Итак, мы сели, и я начал:
ФАЭТОН
Мы с Алкивиадом рано утром пришли на Пникс, еще до того, как собрался народ. Там мы увидели Сократа, стоящего лицом к восходящему солнцу. Приблизившись к нему, мы заметили, что он молится; и так усердно, что мы коснулись его плеча, прежде чем он осознал наше присутствие.
«Ты кажешься человеком, исполненным Бога, Сократ», — сказал Алкивиад.
«Если бы это было правдой, — ответил он, — как обо мне, так и обо всех, кто будет здесь совещаться сегодня. На самом деле, я молился именно об этом; а именно, чтобы они имели свет видеть истину, в каком бы деле ни пришлось здесь дискутировать».
«И обо мне тоже? — сказал Алкивиад. — Но я уже подготовил свою речь».
«И о тебе тоже, если ты этого желаешь — даже если некоторые из твоих периодов будут от этого испорчены. Но почему вы оба здесь так рано, до того, как начались дела?»
«Мы обсуждали, — сказал я, — именно то, о чем мы застали тебя молящимся — а именно, истину, и что она может быть собой».
«Возможно, вы выбрали худший путь к ее открытию, чем я. Но давайте послушаем. Откуда возникла дискуссия?»

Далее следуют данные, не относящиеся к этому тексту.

lemma Tpp_ideal_eq_vanishing_ideal_of_zeros:
  assumes "finite (topspace X)" and "t1_space X" and "ideal I (Tpp X)"
  shows "I = vanishing_ideal X {x \<in> topspace X. \<forall>g\<in>I. g x = 0}"
    (is "I = vanishing_ideal X ?Z")
proof
  interpret ideal I "Tpp X" by fact
  note carrier = Tpp_carrier_finite[OF assms(1,2)]
  show "I \<subseteq> vanishing_ideal X ?Z"
    using a_subset by (auto simp: vanishing_ideal_def)
  show "vanishing_ideal X ?Z \<subseteq> I"
  proof
    fix f assume f: "f \<in> vanishing_ideal X ?Z"
    let ?f_on = "\<lambda>A. \<lambda>y\<in>topspace X. if y \<in> A then f y else 0"
    have f_on_in_I: "?f_on A \<in> I" if "finite A" and "A \<subseteq> topspace X - ?Z" for A
      using that
    proof (induction A rule: finite_induct)
      case empty
      then show ?case
        using additive_subgroup.zero_closed[OF additive_subgroup_axioms]
        by (simp add: Tpp_simps restrict_def)
    next
      case (insert a A)
      then obtain g where g: "g \<in> I" "g a \<noteq> 0"
        by blast
      \<comment> \<open>\<open>e \<otimes> g\<close> agrees with \<open>f\<close> at \<open>a\<close> and vanishes elsewhere\<close>
      define e where "e = (\<lambda>y\<in>topspace X. if y = a then f a / g a else 0)"
      have "e \<in> carrier (Tpp X)"
        unfolding carrier e_def by simp
      then have "?f_on A \<oplus>\<^bsub>Tpp X\<^esub> (e \<otimes>\<^bsub>Tpp X\<^esub> g) \<in> I"
        using insert g(1) additive_subgroup.a_closed[OF additive_subgroup_axioms] I_l_closed
        by blast
      moreover have "?f_on A \<oplus>\<^bsub>Tpp X\<^esub> (e \<otimes>\<^bsub>Tpp X\<^esub> g) = ?f_on (insert a A)"
        using insert.hyps(2) g(2) by (auto simp: Tpp_simps e_def fun_eq_iff)
      ultimately show ?case
        by (simp only:)
    qed
    have "?f_on (topspace X - ?Z) \<in> I"
      using assms(1) by (intro f_on_in_I) auto
    moreover have "?f_on (topspace X - ?Z) = f"
      using f carrier by (auto simp: vanishing_ideal_def fun_eq_iff extensional_def)
    ultimately show "f \<in> I"
      by simp
  qed
qed

lemma finite_ideals_Tpp:
  assumes "finite (topspace X)" and "t1_space X"
  shows "finite {I. ideal I (Tpp X)}"
proof (rule finite_subset)
  show "{I. ideal I (Tpp X)} \<subseteq> vanishing_ideal X ` Pow (topspace X)"
    using Tpp_ideal_eq_vanishing_ideal_of_zeros[OF assms] by blast
qed (use assms(1) in simp)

«От чего-то, — сказал Алкивиад, — что Протагор сказал в своей лекции вчера — как истина есть то, что каждый человек полагает, или верит, истинным. «Так что, — сказал он, — одна вещь истинна для меня, если я верю, что она истинна, и другая, противоположная вещь для тебя, если ты веришь в эту противоположность. Ибо, — продолжал он, — существует объективная и субъективная истина; первая, несомненно, одна и абсолютная, и содержится в природе каждой вещи; но другая многообразна и относительна, варьирующаяся в зависимости от способностей каждого воспринимающего ее». Но поскольку способности каждого человека, сказал он, отличаются от способностей его соседа, и все более или менее несовершенны, невозможно, чтобы абсолютная объективная истина чего-либо могла быть увидена каким-либо смертным, а только некоторое частичное приближение, и, так сказать, набросок ее, в зависимости от того, как объект был представлен с большим или меньшим преломлением на зеркале его субъективности. И поэтому, поскольку истинный исследователь имеет дело только с возможным и оставляет невозможное, делом мудрого человека, избегая поиска абсолютной истины как нечестивой попытки титанов взобраться на Олимп, было смиренно и практически заниматься субъективной истиной и теми методами — риторикой, например, — с помощью которых он может сделать субъективные мнения других либо похожими на свои собственные, либо, оставляя их такими, как они есть — ибо это может быть очень часто ненужным менять их — полезными для своих собственных целей».